From the entries below, reproduce exactly the line containing "text \<open>The extinction", the line containing "using LIMSEQ_le_const[OF zq, of", and every line in between, with nothing added.
┄┄┄┄┄┄
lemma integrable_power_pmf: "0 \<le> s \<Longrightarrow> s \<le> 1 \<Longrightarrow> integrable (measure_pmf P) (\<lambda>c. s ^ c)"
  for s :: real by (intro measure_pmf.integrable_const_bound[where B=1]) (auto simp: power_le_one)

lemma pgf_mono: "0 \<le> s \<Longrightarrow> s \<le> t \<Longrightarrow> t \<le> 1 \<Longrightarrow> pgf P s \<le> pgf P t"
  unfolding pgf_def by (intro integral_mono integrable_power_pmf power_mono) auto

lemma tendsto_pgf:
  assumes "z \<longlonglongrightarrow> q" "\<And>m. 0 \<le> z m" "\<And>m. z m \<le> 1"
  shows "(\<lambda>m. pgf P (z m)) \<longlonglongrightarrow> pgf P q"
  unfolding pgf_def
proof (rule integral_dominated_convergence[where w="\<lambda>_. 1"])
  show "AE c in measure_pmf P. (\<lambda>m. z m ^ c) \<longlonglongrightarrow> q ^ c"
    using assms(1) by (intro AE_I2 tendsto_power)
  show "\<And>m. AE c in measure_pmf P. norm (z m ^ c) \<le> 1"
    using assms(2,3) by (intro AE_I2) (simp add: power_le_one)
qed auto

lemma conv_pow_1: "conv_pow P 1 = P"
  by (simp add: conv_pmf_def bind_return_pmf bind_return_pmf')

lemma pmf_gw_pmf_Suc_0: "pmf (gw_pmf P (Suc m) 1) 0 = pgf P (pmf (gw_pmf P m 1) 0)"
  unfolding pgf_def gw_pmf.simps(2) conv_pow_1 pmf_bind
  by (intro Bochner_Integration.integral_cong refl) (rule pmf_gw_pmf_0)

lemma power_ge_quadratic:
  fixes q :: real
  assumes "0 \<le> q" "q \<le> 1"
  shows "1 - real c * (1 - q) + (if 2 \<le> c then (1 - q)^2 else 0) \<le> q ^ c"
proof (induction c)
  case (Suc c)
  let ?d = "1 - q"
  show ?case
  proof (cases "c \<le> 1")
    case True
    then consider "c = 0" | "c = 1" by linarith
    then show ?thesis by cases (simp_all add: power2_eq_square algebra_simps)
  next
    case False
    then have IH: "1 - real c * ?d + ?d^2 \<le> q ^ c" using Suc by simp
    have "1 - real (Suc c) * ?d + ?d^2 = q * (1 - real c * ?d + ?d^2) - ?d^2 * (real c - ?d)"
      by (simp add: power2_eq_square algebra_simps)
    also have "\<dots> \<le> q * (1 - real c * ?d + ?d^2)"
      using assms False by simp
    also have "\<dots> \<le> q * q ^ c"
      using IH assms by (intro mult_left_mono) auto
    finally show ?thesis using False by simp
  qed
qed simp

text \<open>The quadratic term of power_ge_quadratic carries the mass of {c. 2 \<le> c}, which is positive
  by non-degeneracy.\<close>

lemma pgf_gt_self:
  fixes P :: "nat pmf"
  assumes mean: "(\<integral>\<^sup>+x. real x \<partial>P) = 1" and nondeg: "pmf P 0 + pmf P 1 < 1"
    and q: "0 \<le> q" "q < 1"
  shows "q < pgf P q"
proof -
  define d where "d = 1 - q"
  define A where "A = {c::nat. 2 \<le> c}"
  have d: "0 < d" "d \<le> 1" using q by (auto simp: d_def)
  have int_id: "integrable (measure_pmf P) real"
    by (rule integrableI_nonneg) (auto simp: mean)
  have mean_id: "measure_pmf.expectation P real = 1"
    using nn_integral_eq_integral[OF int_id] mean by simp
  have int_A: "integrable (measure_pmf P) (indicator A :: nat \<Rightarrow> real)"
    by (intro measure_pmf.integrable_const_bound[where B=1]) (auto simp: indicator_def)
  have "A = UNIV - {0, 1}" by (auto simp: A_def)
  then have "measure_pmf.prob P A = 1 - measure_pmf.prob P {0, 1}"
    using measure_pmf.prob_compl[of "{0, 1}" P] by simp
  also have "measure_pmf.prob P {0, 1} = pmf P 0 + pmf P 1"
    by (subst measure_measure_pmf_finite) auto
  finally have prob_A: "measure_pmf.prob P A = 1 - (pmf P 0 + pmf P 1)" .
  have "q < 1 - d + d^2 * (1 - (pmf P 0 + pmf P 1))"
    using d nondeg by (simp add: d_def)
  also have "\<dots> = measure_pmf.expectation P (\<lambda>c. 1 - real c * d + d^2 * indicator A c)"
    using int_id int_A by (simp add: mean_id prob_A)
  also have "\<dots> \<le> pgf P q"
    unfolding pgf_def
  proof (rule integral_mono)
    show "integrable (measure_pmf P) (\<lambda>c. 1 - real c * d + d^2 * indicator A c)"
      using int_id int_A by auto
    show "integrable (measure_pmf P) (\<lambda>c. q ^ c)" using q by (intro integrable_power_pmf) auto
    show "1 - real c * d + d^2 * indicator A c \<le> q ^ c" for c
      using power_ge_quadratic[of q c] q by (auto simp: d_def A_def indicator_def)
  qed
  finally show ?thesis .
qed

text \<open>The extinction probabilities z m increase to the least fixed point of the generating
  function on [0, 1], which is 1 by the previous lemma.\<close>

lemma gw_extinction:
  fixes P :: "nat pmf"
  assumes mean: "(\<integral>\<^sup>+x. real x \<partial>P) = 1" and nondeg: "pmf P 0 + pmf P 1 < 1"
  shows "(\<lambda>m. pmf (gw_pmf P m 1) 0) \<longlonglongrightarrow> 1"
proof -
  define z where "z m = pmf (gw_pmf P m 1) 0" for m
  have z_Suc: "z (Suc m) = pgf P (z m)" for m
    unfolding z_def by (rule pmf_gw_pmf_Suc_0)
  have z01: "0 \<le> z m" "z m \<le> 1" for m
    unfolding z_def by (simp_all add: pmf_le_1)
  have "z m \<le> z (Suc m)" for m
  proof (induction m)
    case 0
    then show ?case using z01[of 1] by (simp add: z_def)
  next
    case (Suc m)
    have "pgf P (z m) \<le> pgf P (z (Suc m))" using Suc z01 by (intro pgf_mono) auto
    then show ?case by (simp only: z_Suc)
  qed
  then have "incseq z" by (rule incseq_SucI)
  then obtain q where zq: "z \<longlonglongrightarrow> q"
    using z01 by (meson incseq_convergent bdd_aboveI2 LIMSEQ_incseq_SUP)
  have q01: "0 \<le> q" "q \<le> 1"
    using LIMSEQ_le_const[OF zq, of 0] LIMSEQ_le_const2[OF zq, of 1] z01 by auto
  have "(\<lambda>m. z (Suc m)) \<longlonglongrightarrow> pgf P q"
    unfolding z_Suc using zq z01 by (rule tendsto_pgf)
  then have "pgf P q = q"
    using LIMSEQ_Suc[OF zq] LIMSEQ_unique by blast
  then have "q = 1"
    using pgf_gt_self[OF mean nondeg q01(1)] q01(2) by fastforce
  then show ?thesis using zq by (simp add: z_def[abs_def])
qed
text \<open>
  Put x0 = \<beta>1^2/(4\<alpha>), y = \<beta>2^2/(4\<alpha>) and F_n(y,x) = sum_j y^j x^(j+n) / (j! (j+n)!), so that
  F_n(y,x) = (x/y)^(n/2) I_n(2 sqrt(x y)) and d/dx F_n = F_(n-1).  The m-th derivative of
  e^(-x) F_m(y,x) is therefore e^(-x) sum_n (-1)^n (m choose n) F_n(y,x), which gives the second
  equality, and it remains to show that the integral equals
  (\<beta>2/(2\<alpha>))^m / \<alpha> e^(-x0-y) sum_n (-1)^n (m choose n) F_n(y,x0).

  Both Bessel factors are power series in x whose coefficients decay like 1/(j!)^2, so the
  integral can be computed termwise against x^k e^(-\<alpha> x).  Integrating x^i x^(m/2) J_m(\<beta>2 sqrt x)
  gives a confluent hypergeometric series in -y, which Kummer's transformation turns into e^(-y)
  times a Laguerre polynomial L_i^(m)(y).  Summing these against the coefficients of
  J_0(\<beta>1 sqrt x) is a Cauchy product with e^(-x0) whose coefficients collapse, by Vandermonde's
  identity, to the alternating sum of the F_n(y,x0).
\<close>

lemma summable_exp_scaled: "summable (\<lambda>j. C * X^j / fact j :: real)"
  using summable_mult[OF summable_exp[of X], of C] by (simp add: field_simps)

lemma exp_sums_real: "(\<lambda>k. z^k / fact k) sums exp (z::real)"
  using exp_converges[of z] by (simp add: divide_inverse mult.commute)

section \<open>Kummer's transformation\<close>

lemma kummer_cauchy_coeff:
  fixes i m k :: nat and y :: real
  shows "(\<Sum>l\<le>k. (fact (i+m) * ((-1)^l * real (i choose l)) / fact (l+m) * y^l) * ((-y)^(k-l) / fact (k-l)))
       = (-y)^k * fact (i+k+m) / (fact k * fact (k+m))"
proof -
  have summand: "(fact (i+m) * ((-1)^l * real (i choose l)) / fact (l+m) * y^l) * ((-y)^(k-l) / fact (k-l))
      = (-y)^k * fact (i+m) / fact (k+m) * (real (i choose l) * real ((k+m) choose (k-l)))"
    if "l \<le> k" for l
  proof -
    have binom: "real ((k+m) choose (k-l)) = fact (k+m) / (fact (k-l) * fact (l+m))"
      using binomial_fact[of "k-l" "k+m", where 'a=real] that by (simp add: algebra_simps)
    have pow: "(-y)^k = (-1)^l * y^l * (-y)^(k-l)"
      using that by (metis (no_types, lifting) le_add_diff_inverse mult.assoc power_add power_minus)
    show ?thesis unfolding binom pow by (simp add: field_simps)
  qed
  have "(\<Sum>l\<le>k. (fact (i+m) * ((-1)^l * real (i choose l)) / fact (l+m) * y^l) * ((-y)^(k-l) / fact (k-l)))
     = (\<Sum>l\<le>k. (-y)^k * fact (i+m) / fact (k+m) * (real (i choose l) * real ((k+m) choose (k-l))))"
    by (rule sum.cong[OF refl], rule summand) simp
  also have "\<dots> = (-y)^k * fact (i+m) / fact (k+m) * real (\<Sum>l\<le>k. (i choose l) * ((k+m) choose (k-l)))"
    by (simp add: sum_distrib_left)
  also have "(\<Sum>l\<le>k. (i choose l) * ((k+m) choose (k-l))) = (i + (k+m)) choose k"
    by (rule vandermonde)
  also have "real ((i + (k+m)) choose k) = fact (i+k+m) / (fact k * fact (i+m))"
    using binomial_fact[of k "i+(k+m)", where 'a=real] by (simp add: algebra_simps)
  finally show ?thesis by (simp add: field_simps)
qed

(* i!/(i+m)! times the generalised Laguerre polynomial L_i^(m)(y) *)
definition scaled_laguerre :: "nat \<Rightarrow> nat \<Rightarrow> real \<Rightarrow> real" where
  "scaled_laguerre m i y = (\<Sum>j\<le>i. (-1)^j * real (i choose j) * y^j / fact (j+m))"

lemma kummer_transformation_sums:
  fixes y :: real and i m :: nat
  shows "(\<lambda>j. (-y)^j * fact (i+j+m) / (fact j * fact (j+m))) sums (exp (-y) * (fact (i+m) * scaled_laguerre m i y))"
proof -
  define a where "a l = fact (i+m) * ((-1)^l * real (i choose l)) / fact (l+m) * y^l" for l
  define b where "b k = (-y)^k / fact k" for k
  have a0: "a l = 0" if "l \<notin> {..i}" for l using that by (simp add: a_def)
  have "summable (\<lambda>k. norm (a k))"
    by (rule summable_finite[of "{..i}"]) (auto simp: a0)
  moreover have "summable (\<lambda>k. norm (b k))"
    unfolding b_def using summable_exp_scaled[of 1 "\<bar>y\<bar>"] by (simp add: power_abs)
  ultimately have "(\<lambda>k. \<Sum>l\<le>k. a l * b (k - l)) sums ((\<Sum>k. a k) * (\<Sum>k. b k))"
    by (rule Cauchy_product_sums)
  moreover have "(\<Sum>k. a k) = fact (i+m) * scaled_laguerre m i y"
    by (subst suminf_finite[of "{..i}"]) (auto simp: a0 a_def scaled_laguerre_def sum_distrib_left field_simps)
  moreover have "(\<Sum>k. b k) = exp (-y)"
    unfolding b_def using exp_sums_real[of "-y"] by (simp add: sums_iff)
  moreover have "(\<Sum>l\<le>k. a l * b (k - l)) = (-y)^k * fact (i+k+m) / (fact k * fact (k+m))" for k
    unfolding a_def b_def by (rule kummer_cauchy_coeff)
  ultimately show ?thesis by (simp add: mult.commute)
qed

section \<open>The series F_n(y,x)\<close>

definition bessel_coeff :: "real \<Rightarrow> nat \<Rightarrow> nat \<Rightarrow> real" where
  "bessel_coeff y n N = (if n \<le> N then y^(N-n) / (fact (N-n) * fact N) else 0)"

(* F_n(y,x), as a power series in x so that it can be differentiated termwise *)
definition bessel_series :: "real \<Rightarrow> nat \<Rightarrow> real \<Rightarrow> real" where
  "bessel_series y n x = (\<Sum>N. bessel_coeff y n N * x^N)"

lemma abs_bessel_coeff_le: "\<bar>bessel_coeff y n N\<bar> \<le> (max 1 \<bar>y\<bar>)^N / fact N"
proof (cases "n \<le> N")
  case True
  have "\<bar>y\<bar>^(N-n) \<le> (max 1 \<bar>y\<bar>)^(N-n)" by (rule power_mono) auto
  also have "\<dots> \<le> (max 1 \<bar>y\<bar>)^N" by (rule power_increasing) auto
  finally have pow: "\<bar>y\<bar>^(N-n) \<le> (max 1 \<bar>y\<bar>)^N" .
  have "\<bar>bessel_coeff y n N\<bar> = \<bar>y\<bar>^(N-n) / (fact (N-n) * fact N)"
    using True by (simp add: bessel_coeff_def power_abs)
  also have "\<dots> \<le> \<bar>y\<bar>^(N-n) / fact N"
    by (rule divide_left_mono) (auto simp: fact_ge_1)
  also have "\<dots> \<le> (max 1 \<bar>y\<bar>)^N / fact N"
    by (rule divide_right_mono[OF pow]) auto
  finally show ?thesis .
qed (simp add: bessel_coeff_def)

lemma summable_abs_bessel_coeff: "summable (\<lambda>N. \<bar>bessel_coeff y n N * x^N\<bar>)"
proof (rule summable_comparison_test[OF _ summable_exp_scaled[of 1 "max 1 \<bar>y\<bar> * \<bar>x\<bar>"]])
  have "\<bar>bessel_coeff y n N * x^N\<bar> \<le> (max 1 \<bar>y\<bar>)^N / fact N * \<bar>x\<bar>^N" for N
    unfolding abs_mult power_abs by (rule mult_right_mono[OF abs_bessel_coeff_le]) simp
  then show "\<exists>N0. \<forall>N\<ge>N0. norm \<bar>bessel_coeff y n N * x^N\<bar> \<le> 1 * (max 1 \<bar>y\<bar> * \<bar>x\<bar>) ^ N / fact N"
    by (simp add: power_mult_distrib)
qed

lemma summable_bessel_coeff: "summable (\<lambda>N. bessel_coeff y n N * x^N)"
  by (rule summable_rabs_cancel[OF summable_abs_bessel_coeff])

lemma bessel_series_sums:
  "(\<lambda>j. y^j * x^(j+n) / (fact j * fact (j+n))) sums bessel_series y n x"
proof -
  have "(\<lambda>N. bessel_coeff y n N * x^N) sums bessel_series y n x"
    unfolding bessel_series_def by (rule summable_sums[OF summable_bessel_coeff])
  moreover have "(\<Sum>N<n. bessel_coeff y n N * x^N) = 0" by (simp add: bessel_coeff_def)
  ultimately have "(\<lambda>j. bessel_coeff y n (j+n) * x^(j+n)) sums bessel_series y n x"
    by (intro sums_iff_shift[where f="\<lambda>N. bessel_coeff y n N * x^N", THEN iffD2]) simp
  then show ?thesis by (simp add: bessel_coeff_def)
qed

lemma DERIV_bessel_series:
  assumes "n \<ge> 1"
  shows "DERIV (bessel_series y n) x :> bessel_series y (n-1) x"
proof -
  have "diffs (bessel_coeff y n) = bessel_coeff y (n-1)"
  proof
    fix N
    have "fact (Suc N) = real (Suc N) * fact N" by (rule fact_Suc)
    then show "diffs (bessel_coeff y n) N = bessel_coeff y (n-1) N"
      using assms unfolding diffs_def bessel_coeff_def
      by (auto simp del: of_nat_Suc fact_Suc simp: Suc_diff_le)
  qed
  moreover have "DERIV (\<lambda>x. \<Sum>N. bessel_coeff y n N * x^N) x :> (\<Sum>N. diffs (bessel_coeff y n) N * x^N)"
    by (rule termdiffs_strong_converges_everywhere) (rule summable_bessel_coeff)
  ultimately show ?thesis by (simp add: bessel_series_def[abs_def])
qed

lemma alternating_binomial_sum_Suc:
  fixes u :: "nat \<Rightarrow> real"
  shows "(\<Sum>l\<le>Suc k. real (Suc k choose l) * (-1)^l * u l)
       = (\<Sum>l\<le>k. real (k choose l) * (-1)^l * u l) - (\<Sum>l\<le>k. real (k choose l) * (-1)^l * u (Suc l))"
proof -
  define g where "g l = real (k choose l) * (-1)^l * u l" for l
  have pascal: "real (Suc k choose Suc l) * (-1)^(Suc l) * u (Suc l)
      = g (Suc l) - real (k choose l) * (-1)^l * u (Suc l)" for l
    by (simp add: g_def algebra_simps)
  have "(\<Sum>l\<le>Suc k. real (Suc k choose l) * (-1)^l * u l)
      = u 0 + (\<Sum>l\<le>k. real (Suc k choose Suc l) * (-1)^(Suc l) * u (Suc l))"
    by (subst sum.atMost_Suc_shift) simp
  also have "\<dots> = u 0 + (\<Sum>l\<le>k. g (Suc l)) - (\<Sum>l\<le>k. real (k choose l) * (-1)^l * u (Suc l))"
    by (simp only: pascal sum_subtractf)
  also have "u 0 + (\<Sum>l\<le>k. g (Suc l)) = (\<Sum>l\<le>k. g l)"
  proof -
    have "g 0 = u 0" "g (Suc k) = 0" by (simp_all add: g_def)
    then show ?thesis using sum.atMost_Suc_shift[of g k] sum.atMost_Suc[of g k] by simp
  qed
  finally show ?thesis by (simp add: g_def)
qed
┄┄┄┄┄┄
__Answer box__.
text \<open>The extinction probabilities z m increase to the least fixed point of the generating
  function on [0, 1], which is 1 by the previous lemma.\<close>

lemma gw_extinction:
  fixes P :: "nat pmf"
  assumes mean: "(\<integral>\<^sup>+x. real x \<partial>P) = 1" and nondeg: "pmf P 0 + pmf P 1 < 1"
  shows "(\<lambda>m. pmf (gw_pmf P m 1) 0) \<longlonglongrightarrow> 1"
proof -
  define z where "z m = pmf (gw_pmf P m 1) 0" for m
  have z_Suc: "z (Suc m) = pgf P (z m)" for m
    unfolding z_def by (rule pmf_gw_pmf_Suc_0)
  have z01: "0 \<le> z m" "z m \<le> 1" for m
    unfolding z_def by (simp_all add: pmf_le_1)
  have "z m \<le> z (Suc m)" for m
  proof (induction m)
    case 0
    then show ?case using z01[of 1] by (simp add: z_def)
  next
    case (Suc m)
    have "pgf P (z m) \<le> pgf P (z (Suc m))" using Suc z01 by (intro pgf_mono) auto
    then show ?case by (simp only: z_Suc)
  qed
  then have "incseq z" by (rule incseq_SucI)
  then obtain q where zq: "z \<longlonglongrightarrow> q"
    using z01 by (meson incseq_convergent bdd_aboveI2 LIMSEQ_incseq_SUP)
  have q01: "0 \<le> q" "q \<le> 1"
    using LIMSEQ_le_const[OF zq, of 0] LIMSEQ_le_const2[OF zq, of 1] z01 by auto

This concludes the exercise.